In 1911, following the assumption of federal control over the Northern Territory, Smith was a candidate to become the first federally appointed administrator of the Northern Territory. The position was instead given to John Gilruth, with Murray lobbying strongly against Smith's appointment and accusing him of "incompetence and of cruelty to the indigenous people".

The Darwin rebellion of late 1918 resulted in the effective expulsion of Gilruth from the territory over allegations of maladministration and corruption. Gilruth's deputy Henry Ernest Carey. After Carey's departure, the government offered the post of acting administrator to Smith as one of the few experienced colonial administrators. He accepted the position only after securing a commitment from Prime Minister Billy Hughes that the government would introduce legislation allowing for the representation of the Northern Territory in federal parliament, in the form of one senator with limited voting rights.
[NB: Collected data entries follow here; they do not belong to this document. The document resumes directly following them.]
lemma cauchy_formula_annulus:
  assumes "f holomorphic_on U" "j \<in> {1..m}" "z \<in> sphere (c j) (r j)"
  shows "f z = inv_2pii * (cauchy_outer f j z - cauchy_inner f j z)"
proof -
  define \<rho>\<^sub>o \<rho>\<^sub>i where "\<rho>\<^sub>o = r j + \<delta> / 2" and "\<rho>\<^sub>i = r j - \<delta> / 2"
  have radii: "0 < \<rho>\<^sub>i" "\<rho>\<^sub>i < \<rho>\<^sub>o" "\<bar>\<rho>\<^sub>o - r j\<bar> < \<delta>" "\<bar>\<rho>\<^sub>i - r j\<bar> < \<delta>"
    using margin_pos margin_less_radius[OF assms(2)] unfolding \<rho>\<^sub>o_def \<rho>\<^sub>i_def by auto
  have z: "z \<notin> sphere (c j) \<rho>\<^sub>o" "z \<notin> sphere (c j) \<rho>\<^sub>i" "dist (c j) z < \<rho>\<^sub>o" "\<rho>\<^sub>i < dist (c j) z"
    using assms(3) margin_pos unfolding \<rho>\<^sub>o_def \<rho>\<^sub>i_def by auto
  define g where "g = (\<lambda>p. if p = z then deriv f z else (f p - f z) / (p - z))"
  have "g holomorphic_on U"
    unfolding g_def by (rule pole_lemma_open[OF assms(1) open_U])
  then have g_eq: "contour_integral (circlepath (c j) \<rho>\<^sub>o) g = contour_integral (circlepath (c j) \<rho>\<^sub>i) g"
    by (rule contour_integral_concentric_circlepaths_eq[OF open_U])
      (use radii sphere_subset_U[OF assms(2)] in \<open>auto simp: abs_le_iff\<close>)
  have "((\<lambda>p. 1 / (p - z)) has_contour_integral 2 * of_real pi * \<i>) (circlepath (c j) \<rho>\<^sub>o)"
    using Cauchy_integral_circlepath_simple[of "\<lambda>_. 1" "c j" \<rho>\<^sub>o z] z by (simp add: dist_norm norm_minus_commute)
  then have "((\<lambda>p. f p / (p - z) - f z * (1 / (p - z))) has_contour_integral
      cauchy_outer f j z - f z * (2 * of_real pi * \<i>)) (circlepath (c j) \<rho>\<^sub>o)"
    unfolding cauchy_outer_def \<rho>\<^sub>o_def[symmetric]
    using assms radii z by (intro has_contour_integral_diff has_contour_integral_lmul
        has_contour_integral_cauchy_circle continuous_on_sphere_near) auto
  then have outer: "(g has_contour_integral cauchy_outer f j z - f z * (2 * of_real pi * \<i>)) (circlepath (c j) \<rho>\<^sub>o)"
    by (rule has_contour_integral_eq) (use z radii in \<open>auto simp: g_def diff_divide_distrib\<close>)
  have "((\<lambda>p. 1 / (p - z)) has_contour_integral 0) (circlepath (c j) \<rho>\<^sub>i)"
    by (rule Cauchy_theorem_convex_simple[of _ "ball (c j) (dist (c j) z)"])
      (use z radii in \<open>auto intro!: holomorphic_intros\<close>)
  then have "((\<lambda>p. f p / (p - z) - f z * (1 / (p - z))) has_contour_integral
      cauchy_inner f j z - f z * 0) (circlepath (c j) \<rho>\<^sub>i)"
    unfolding cauchy_inner_def \<rho>\<^sub>i_def[symmetric]
    using assms radii z by (intro has_contour_integral_diff has_contour_integral_lmul
        has_contour_integral_cauchy_circle continuous_on_sphere_near) auto
  then have "((\<lambda>p. f p / (p - z) - f z * (1 / (p - z))) has_contour_integral
      cauchy_inner f j z) (circlepath (c j) \<rho>\<^sub>i)"
    by simp
  then have inner: "(g has_contour_integral cauchy_inner f j z) (circlepath (c j) \<rho>\<^sub>i)"
    by (rule has_contour_integral_eq) (use z radii in \<open>auto simp: g_def diff_divide_distrib\<close>)
  show ?thesis
    using g_eq contour_integral_unique[OF outer] contour_integral_unique[OF inner]
    by (simp add: inv_2pii_def field_simps)
qed

lemma proj_minus_on_circle:
  assumes "f holomorphic_on U" "j \<in> {1..m}" "z \<in> sphere (c j) (r j)"
  shows "proj_minus m c r f z = - inv_2pii * (cauchy_others f j z + cauchy_inner f j z)"
  unfolding proj_minus_def proj_plus_on_circle[OF assms] cauchy_formula_annulus[OF assms]
  by (simp add: algebra_simps)

lemma continuous_on_circle:
  assumes "f holomorphic_on U" "j \<in> {1..m}"
  shows "continuous_on (sphere (c j) (r j)) f"
  using continuous_on_sphere_near[OF assms] margin_pos by simp

lemma contour_integrable_on_circle:
  assumes "continuous_on (sphere (c j) (r j)) F" "j \<in> {1..m}"
  shows "F contour_integrable_on circlepath (c j) (r j)"
  using assms path_image_circle by (simp add: contour_integrable_continuous_circlepath)

lemma circles_disjoint:
  assumes "j \<in> {1..m}" "s \<in> {1..m}" "s \<noteq> j"
  shows "sphere (c j) (r j) \<inter> sphere (c s) (r s) = {}"
proof -
  have "x \<notin> sphere (c s) (r s)" if "x \<in> sphere (c j) (r j)" for x
    using dist_center_other[OF assms, of x] that margin_pos by auto
  then show ?thesis by blast
qed

lemma continuous_on_circle_cauchy_circle_other:
  assumes "f holomorphic_on U" "j \<in> {1..m}" "s \<in> {1..m}" "s \<noteq> j"
  shows "continuous_on (sphere (c j) (r j)) (cauchy_circle (c s) (r s) f)"
  by (rule continuous_on_subset[OF holomorphic_on_imp_continuous_on[OF holomorphic_on_cauchy_circle_other[OF assms]]])
    (use margin_pos in auto)

lemma continuous_on_circle_cauchy_others:
  assumes "f holomorphic_on U" "j \<in> {1..m}"
  shows "continuous_on (sphere (c j) (r j)) (cauchy_others f j)"
  by (rule continuous_on_subset[OF holomorphic_on_imp_continuous_on[OF holomorphic_on_cauchy_others[OF assms]]])
    (use margin_pos in auto)

lemma continuous_on_circle_cauchy_inner:
  assumes "f holomorphic_on U" "j \<in> {1..m}"
  shows "continuous_on (sphere (c j) (r j)) (cauchy_inner f j)"
  by (rule continuous_on_subset[OF holomorphic_on_imp_continuous_on[OF holomorphic_on_cauchy_inner[OF assms]]])
    (use margin_pos in auto)

definition continuous_on_circles :: "(complex \<Rightarrow> complex) \<Rightarrow> bool" where
  "continuous_on_circles F \<longleftrightarrow> (\<forall>j\<in>{1..m}. continuous_on (sphere (c j) (r j)) F)"

lemma continuous_on_circles_arith:
  assumes "continuous_on_circles F" "continuous_on_circles G"
  shows "continuous_on_circles (\<lambda>z. F z + G z)" "continuous_on_circles (\<lambda>z. F z - G z)"
    "continuous_on_circles (\<lambda>z. F z * G z)"
  using assms unfolding continuous_on_circles_def by (auto intro: continuous_intros)

lemma continuous_on_circles_holomorphic:
  "f holomorphic_on U \<Longrightarrow> continuous_on_circles f"
  unfolding continuous_on_circles_def using continuous_on_circle by blast

lemma continuous_on_circles_proj_plus:
  assumes "f holomorphic_on U"
  shows "continuous_on_circles (proj_plus m c r f)"
  unfolding continuous_on_circles_def
proof
  fix j assume j: "j \<in> {1..m}"
  have "continuous_on (sphere (c j) (r j)) (\<lambda>w. inv_2pii * (cauchy_others f j w + cauchy_outer f j w))"
    using holomorphic_on_cauchy_others_outer[OF assms j] circle_subset_ball_outer
    by (intro continuous_intros holomorphic_on_imp_continuous_on) (auto intro: holomorphic_on_subset)
  then show "continuous_on (sphere (c j) (r j)) (proj_plus m c r f)"
    by (rule continuous_on_eq) (use proj_plus_on_circle[OF assms j] in auto)
qed

lemma continuous_on_circles_proj_minus:
  assumes "f holomorphic_on U"
  shows "continuous_on_circles (proj_minus m c r f)"
  using continuous_on_circles_arith(2)[OF continuous_on_circles_holomorphic continuous_on_circles_proj_plus, OF assms assms]
  by (simp add: proj_minus_def[abs_def])

lemma cint_add:
  "continuous_on_circles F \<Longrightarrow> continuous_on_circles G \<Longrightarrow> cint m c r (\<lambda>z. F z + G z) = cint m c r F + cint m c r G"
  unfolding cint_def continuous_on_circles_def
  by (simp add: contour_integral_add contour_integrable_on_circle sum.distrib distrib_left)

lemma cint_diff:
  "continuous_on_circles F \<Longrightarrow> continuous_on_circles G \<Longrightarrow> cint m c r (\<lambda>z. F z - G z) = cint m c r F - cint m c r G"
  unfolding cint_def continuous_on_circles_def
  by (simp add: contour_integral_diff contour_integrable_on_circle sum_subtractf right_diff_distrib)

lemma cint_cmult: "cint m c r (\<lambda>z. k * F z) = k * cint m c r F"
  unfolding cint_def by (simp add: contour_integral_cmult sum_distrib_left)

lemma cint_cong:
  assumes "\<And>j z. j \<in> {1..m} \<Longrightarrow> z \<in> sphere (c j) (r j) \<Longrightarrow> F z = G z"
  shows "cint m c r F = cint m c r G"
  unfolding cint_def
proof (intro arg_cong[where f = "(*) _"] sum.cong refl contour_integral_eq)
  fix j z assume "j \<in> {1..m}" "z \<in> path_image (circlepath (c j) (r j))"
  then show "F z = G z"
    using assms path_image_circle by blast
qed

lemma cint_proj_plus_mult_eq_0:
  assumes "f holomorphic_on U" "g holomorphic_on U"
  shows "cint m c r (\<lambda>z. proj_plus m c r f z * proj_plus m c r g z) = 0"
proof -
  have "((\<lambda>z. proj_plus m c r f z * proj_plus m c r g z) has_contour_integral 0) (circlepath (c j) (r j))"
    if j: "j \<in> {1..m}" for j
  proof -
    define K where "K h w = inv_2pii * (cauchy_others h j w + cauchy_outer h j w)" for h w
    have "K h holomorphic_on ball (c j) (r j + \<delta> / 2)" if "h holomorphic_on U" for h
      unfolding K_def using holomorphic_on_cauchy_others_outer[OF that j]
      by (rule holomorphic_on_mult[OF holomorphic_on_const])
    then have "((\<lambda>z. K f z * K g z) has_contour_integral 0) (circlepath (c j) (r j))"
      using assms circle_subset_ball_outer path_image_circle[OF j]
      by (intro Cauchy_theorem_convex_simple[of _ "ball (c j) (r j + \<delta> / 2)"] holomorphic_on_mult) auto
    then show ?thesis
    proof (rule has_contour_integral_eq)
      fix z assume "z \<in> path_image (circlepath (c j) (r j))"
      then have "z \<in> sphere (c j) (r j)"
        by (simp only: path_image_circle[OF j])
      then show "K f z * K g z = proj_plus m c r f z * proj_plus m c r g z"
        using proj_plus_on_circle[OF assms(1) j] proj_plus_on_circle[OF assms(2) j] by (simp add: K_def)
    qed
  qed
  then have "(\<Sum>j=1..m. contour_integral (circlepath (c j) (r j))
      (\<lambda>z. proj_plus m c r f z * proj_plus m c r g z)) = 0"
    by (intro sum.neutral ballI contour_integral_unique)
  then show ?thesis
    unfolding cint_def by simp
qed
Smith's appointment took effect on 1 December 1919. He arrived in the capital Darwin alongside Norman Ewing, who had been appointed to lead the royal commission into the rebellion. Smith's "one concern was to ensure peace in the Territory". He investigated and resolved a number of the grievances that had led to the rebellion. He restored control of parklands to the Darwin Town Council.
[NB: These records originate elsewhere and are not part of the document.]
section \<open>The second-highest bid\<close>

lemma length_filter_sorted_bids:
  assumes "finite I"
  shows "length (filter R (sort (map (\<lambda>j. bs ! j) (sorted_list_of_set I)))) = card {j\<in>I. R (bs ! j)}"
proof -
  have "length (filter R (sort (map (\<lambda>j. bs ! j) (sorted_list_of_set I))))
      = length (filter (R \<circ> (\<lambda>j. bs ! j)) (sorted_list_of_set I))"
    by (simp add: filter_sort filter_map)
  also have "\<dots> = card ({x. (R \<circ> (\<lambda>j. bs ! j)) x} \<inter> set (sorted_list_of_set I))"
    by (simp add: distinct_length_filter)
  also have "\<dots> = card {j\<in>I. R (bs ! j)}" using assms by (simp add: Int_def conj_commute)
  finally show ?thesis .
qed

lemma second_bid_characterization:
  assumes "finite I" "2 \<le> card I"
  shows "2 \<le> card {j\<in>I. second_bid bs I \<le> bs ! j}"
    and "card {j\<in>I. second_bid bs I < bs ! j} \<le> 1"
proof -
  define L where "L = sort (map (\<lambda>j. bs ! j) (sorted_list_of_set I))"
  define n where "n = card I"
  have lenL: "length L = n" unfolding L_def n_def using assms by simp
  have sL: "sorted L" unfolding L_def by simp
  have s: "second_bid bs I = L ! (n - 2)"
    unfolding second_bid_def L_def[symmetric] n_def[symmetric] using assms lenL
    by (simp add: n_def rev_nth numeral_2_eq_2 Suc_diff_Suc)
  have count: "card {j\<in>I. R (bs ! j)} = card {t. t < n \<and> R (L ! t)}" for R
    using length_filter_sorted_bids[OF assms(1), of R bs] length_filter_conv_card[of R L]
    unfolding L_def[symmetric] lenL by simp
  have "{n - 2, n - 1} \<subseteq> {t. t < n \<and> second_bid bs I \<le> L ! t}"
    using assms lenL s n_def by (auto intro!: sorted_nth_mono[OF sL])
  then have "card {n - 2, n - 1} \<le> card {t. t < n \<and> second_bid bs I \<le> L ! t}"
    by (intro card_mono) auto
  moreover have "card {n - 2, n - 1} = 2" using assms n_def by auto
  ultimately show "2 \<le> card {j\<in>I. second_bid bs I \<le> bs ! j}" using count by simp
  have "{t. t < n \<and> second_bid bs I < L ! t} \<subseteq> {n - 1}"
  proof (rule subsetI, rule ccontr)
    fix t assume t: "t \<in> {t. t < n \<and> second_bid bs I < L ! t}" and "t \<notin> {n - 1}"
    then have "L ! t \<le> L ! (n - 2)" using lenL by (intro sorted_nth_mono[OF sL]) auto
    then show False using t s by auto
  qed
  then have "card {t. t < n \<and> second_bid bs I < L ! t} \<le> 1"
    using card_mono[of "{n - 1}"] by fastforce
  then show "card {j\<in>I. second_bid bs I < bs ! j} \<le> 1" using count by simp
qed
In August 1920, Smith applied to be appointed administrator of the Northern Territory on a permanent basis. The following month, the federal government introduced the Northern Territory Representation Bill to provide for the representation of the territory in the Senate. The bill failed to pass, with a number of speakers arguing that representation in the House of Representatives would be more appropriate. The government did not move to resubmit an amended bill, despite Smith's expression of disappointment. He correspondingly withdrew his application for the administratorship in October 1920 and requested to return to his prior post in Papua.

==Personal life==
In 1928, aged 59, Smith married Marjorie Mitchell, a niece of Western Australian premier James Mitchell. The couple had four children.

After retiring from government service in 1930, Smith took up farming at Kulikup, Western Australia. He died in Perth on 14 January 1934, aged 64, due to "chronic nephritis, uraemia and myocarditis".

== Memory ==
The Staniforth mountain range is named after him due to role he played in the passing of the Papua Act 1905 which saw the transfer of the territory of Papua from Britain to Australia.